Stored data entries:
definition pn_space :: "('a::real_vector \<Rightarrow> dfun) \<Rightarrow> (dfun \<Rightarrow> dfun \<Rightarrow> dfun) \<Rightarrow> (dfun \<Rightarrow> dfun \<Rightarrow> dfun) \<Rightarrow> bool" where
  "pn_space \<nu> \<tau> \<tau>s \<longleftrightarrow>
     triangle_function \<tau> \<and> triangle_function \<tau>s \<and> continuous_tf \<tau> \<and> continuous_tf \<tau>s
   \<and> (\<forall>F\<in>Delta_plus. \<forall>G\<in>Delta_plus. \<tau> F G \<le> \<tau>s F G)
   \<and> (\<forall>p. \<nu> p \<in> Delta_plus)
   \<and> (\<forall>p. \<nu> p = eps0 \<longleftrightarrow> p = 0)
   \<and> (\<forall>p. \<nu> (- p) = \<nu> p)
   \<and> (\<forall>p q. \<nu> (p + q) \<ge> \<tau> (\<nu> p) (\<nu> q))
   \<and> (\<forall>p. \<forall>l::real. 0 \<le> l \<and> l \<le> 1 \<longrightarrow> \<nu> p \<le> \<tau>s (\<nu> (l *\<^sub>R p)) (\<nu> ((1 - l) *\<^sub>R p)))"

definition strongly_converges :: "('a::real_vector \<Rightarrow> dfun) \<Rightarrow> (nat \<Rightarrow> 'a) \<Rightarrow> 'a \<Rightarrow> bool" where
  "strongly_converges \<nu> ps p \<longleftrightarrow>
     (\<forall>l::real. l > 0 \<longrightarrow> (\<exists>N. \<forall>m\<ge>N. \<nu> (ps m - p) (ereal l) > 1 - l))"

definition prob_radius :: "('a \<Rightarrow> dfun) \<Rightarrow> 'a set \<Rightarrow> dfun" where
  "prob_radius \<nu> A = (\<lambda>x. if x = PInfty then 1 else if x = MInfty then 0
      else Lim (at_left (real_of_ereal x)) (\<lambda>t. Inf {\<nu> q (ereal t) | q. q \<in> A}))"

definition D_bounded :: "('a \<Rightarrow> dfun) \<Rightarrow> 'a set \<Rightarrow> bool" where
  "D_bounded \<nu> A \<longleftrightarrow> A \<noteq> {} \<and> prob_radius \<nu> A \<in> D_plus"

end

theory Submission
  imports Defs
begin
lemma sdp_op_closed:
  assumes B: "unitary_magma B add zB" and act: "b_action B add zB X phi zX"
    and "p \<in> sdp_carrier B zB X phi zX" and "q \<in> sdp_carrier B zB X phi zX"
  shows "sdp_op add phi p q \<in> sdp_carrier B zB X phi zX"
proof -
  obtain x b x' b' where p: "p = (x, b)" and q: "q = (x', b')"
    and x: "x \<in> X" "b \<in> B" "phi x zB zX b = x" and x': "x' \<in> X" "b' \<in> B" "phi x' zB zX b' = x'"
    using assms(3,4) by (cases p, cases q) (auto simp: mem_sdp_carrier_iff)
  have "phi (phi x b x' b') zB zX (add b b') = phi x b x' b'"
    using b_action_normalise[OF act x(1) x'(1) x(2) x'(2)] x(3) x'(3) by simp
  then show ?thesis
    using p q x x' b_action_closed[OF act] unitary_magma_closed[OF B]
    by (simp add: sdp_op_def mem_sdp_carrier_iff)
qed

lemma unitary_magma_sdp:
  assumes B: "unitary_magma B add zB" and act: "b_action B add zB X phi zX"
  shows "unitary_magma (sdp_carrier B zB X phi zX) (sdp_op add phi) (zX, zB)"
  unfolding unitary_magma_def
proof (intro conjI ballI)
  show "(zX, zB) \<in> sdp_carrier B zB X phi zX"
    using b_action_zero_mem[OF act] b_action_zero[OF act] unitary_magma_zero_mem[OF B]
    by (simp add: mem_sdp_carrier_iff)
next
  show "sdp_op add phi p q \<in> sdp_carrier B zB X phi zX"
    if "p \<in> sdp_carrier B zB X phi zX" "q \<in> sdp_carrier B zB X phi zX" for p q
    using sdp_op_closed[OF B act that] .
next
  fix p assume "p \<in> sdp_carrier B zB X phi zX"
  then obtain x b where p: "p = (x, b)" "x \<in> X" "b \<in> B" "phi x zB zX b = x"
    by (cases p) (auto simp: mem_sdp_carrier_iff)
  then show "sdp_op add phi p (zX, zB) = p" and "sdp_op add phi (zX, zB) p = p"
    using b_action_shift_left[OF act] b_action_shift_right[OF act]
      unitary_magma_right_unit[OF B] unitary_magma_left_unit[OF B]
    by (simp_all add: sdp_op_def)
qed
lemma coeff_I_shift_separated:
  assumes "lc_all sorted P" and short: "\<forall>n. coeff P n \<noteq> 0 \<longrightarrow> length n \<le> Suc d"
    and top: "coeff P n1 \<noteq> 0" "length n1 = Suc d" "e \<in> set n1"
    and shift: "n0 \<noteq> 0" "\<phi> (I (n0 + e)) \<noteq> 0"
    and sep: "\<And>n. coeff P n \<noteq> 0 \<Longrightarrow> length n = Suc d \<Longrightarrow> \<forall>v\<in>set n. \<phi> (I (n0 + v)) \<noteq> 0 \<longrightarrow> v = e"
  shows "coeff (I_shift n0 P) (remove1 e n1) \<noteq> 0"
proof -
  let ?r = "remove1 e n1"
  let ?g = "\<lambda>n. coeff P n * coeff (I_contraction n0 n) ?r"
  have len_r: "length ?r = d" using top by (simp add: length_remove1)
  have n1: "n1 \<in> lc_keys P" using top(1) by (rule coeff_nonzero_in_keys)
  have "?g n = 0" if "n \<in> lc_keys P" "n \<noteq> n1" for n
  proof (rule ccontr)
    assume "?g n \<noteq> 0"
    then have "length n = Suc d"
      using short lc_all_keys[OF I_contraction_length coeff_nonzero_in_keys] len_r
      by (metis le_antisym mult_eq_0_iff order_refl)
    then have "n = n1"
      using \<open>?g n \<noteq> 0\<close> sep I_contraction_determines_monomial lc_all_keys[OF assms(1)] that(1) n1 top(3)
      by (metis mult_eq_0_iff)
    then show False using that(2) by simp
  qed
  then have "(\<Sum>n\<in>lc_keys P. ?g n) = ?g n1"
    using n1 by (intro sum.mono_neutral_left[of _ "{n1}", simplified, symmetric]) auto
  moreover have "?g n1 \<noteq> 0"
    using coeff_I_contraction_separated[OF top(3) shift sep[OF top(1,2)]] top(1) by simp
  moreover have "\<forall>n. coeff P n \<noteq> 0 \<longrightarrow> length n \<le> Suc (length ?r)"
    using short len_r by simp
  ultimately show ?thesis
    using coeff_I_shift[OF assms(1)] by simp
qed
(* Fix $K\in\mathbb{R}$ and consider the framed curvature flow with $\theta$-velocity $$\upsilon_\theta=-\kappa\psi_2^{-1}K-(\kappa\,\partial_s\psi_3+2\,\partial_s\kappa\,\psi_3)\kappa^{-2}\psi_1-\kappa\psi_2^{-1}\psi_3^2-(\partial_s^2\kappa-\kappa\psi_3^2)\kappa^{-2}\psi_2 .$$ Then the trajectory surface $\Sigma_{\underline t}$ generated by this flow has constant Gaussian curvature equal to $K$.
   Context: $S^1=\mathbb{R}/2\pi\mathbb{Z}$; closed curves $\Gamma_t$ parametrized by $\gamma(t,\cdot):S^1\to\mathbb{R}^3$, $g=\|\partial_u\gamma\|$, $ds=g\,du$, $\partial_s=g^{-1}\partial_u$; Frenet frame $T,N,B$, curvature $\kappa$, torsion $\tau$. For an angle function $\theta$: $\nu_\theta=\cos\theta N+\sin\theta B$, $\psi_1=\kappa\cos\theta$, $\psi_2=\kappa\sin\theta$, $\psi_3=\tau+\partial_s\theta$; the formula for $\upsilon_\theta$ presupposes $\kappa>0$ and $\psi_2\neq0$. Framed curvature flow: $\partial_t\gamma=\kappa\nu_\theta$, $\partial_t\theta=\upsilon_\theta$ on $[0,\underline t)\times S^1$. Trajectory surface $\Sigma_{\underline t}=\bigcup_{t\in[0,\underline t)}\Gamma_t$, parametrized by $\gamma(t,u)$. *)

theory Defs
  imports "HOL-Analysis.Analysis"
begin

text \<open>Maps on the strip are written in curried form f t u, t the time, u the
  curve parameter (S^1 = R/2piZ is represented by 2pi-periodicity in u).\<close>

definition Dt :: "real \<Rightarrow> (real \<Rightarrow> real \<Rightarrow> 'a::real_normed_vector) \<Rightarrow> real \<Rightarrow> real \<Rightarrow> 'a" where
  "Dt tb f t u = vector_derivative (\<lambda>t'. f t' u) (at t within {0..<tb})"

definition Du :: "(real \<Rightarrow> real \<Rightarrow> 'a::real_normed_vector) \<Rightarrow> real \<Rightarrow> real \<Rightarrow> 'a" where
  "Du f t u = vector_derivative (\<lambda>u'. f t u') (at u)"

text \<open>Iterated partial derivatives: True = d/dt, False = d/du.\<close>
fun pd :: "real \<Rightarrow> bool list \<Rightarrow> (real \<Rightarrow> real \<Rightarrow> 'a::real_normed_vector) \<Rightarrow> real \<Rightarrow> real \<Rightarrow> 'a" where
  "pd tb [] f = f"
| "pd tb (True # ds) f = Dt tb (pd tb ds f)"
| "pd tb (False # ds) f = Du (pd tb ds f)"

definition smooth_strip :: "real \<Rightarrow> (real \<Rightarrow> real \<Rightarrow> 'a::real_normed_vector) \<Rightarrow> bool" where
  "smooth_strip tb f \<longleftrightarrow>
     (\<forall>ds. continuous_on ({0..<tb} \<times> UNIV) (\<lambda>(t,u). pd tb ds f t u) \<and>
       (\<forall>t\<in>{0..<tb}. \<forall>u.
          ((\<lambda>t'. pd tb ds f t' u) has_vector_derivative pd tb (True # ds) f t u) (at t within {0..<tb}) \<and>
          ((\<lambda>u'. pd tb ds f t u') has_vector_derivative pd tb (False # ds) f t u) (at u)))"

● The problem: Reprint the data above from the opening line to the line holding "triangle_function \<tau> \<and>", inclusive, and nothing else.

● Task response:
definition pn_space :: "('a::real_vector \<Rightarrow> dfun) \<Rightarrow> (dfun \<Rightarrow> dfun \<Rightarrow> dfun) \<Rightarrow> (dfun \<Rightarrow> dfun \<Rightarrow> dfun) \<Rightarrow> bool" where
  "pn_space \<nu> \<tau> \<tau>s \<longleftrightarrow>
     triangle_function \<tau> \<and> triangle_function \<tau>s \<and> continuous_tf \<tau> \<and> continuous_tf \<tau>s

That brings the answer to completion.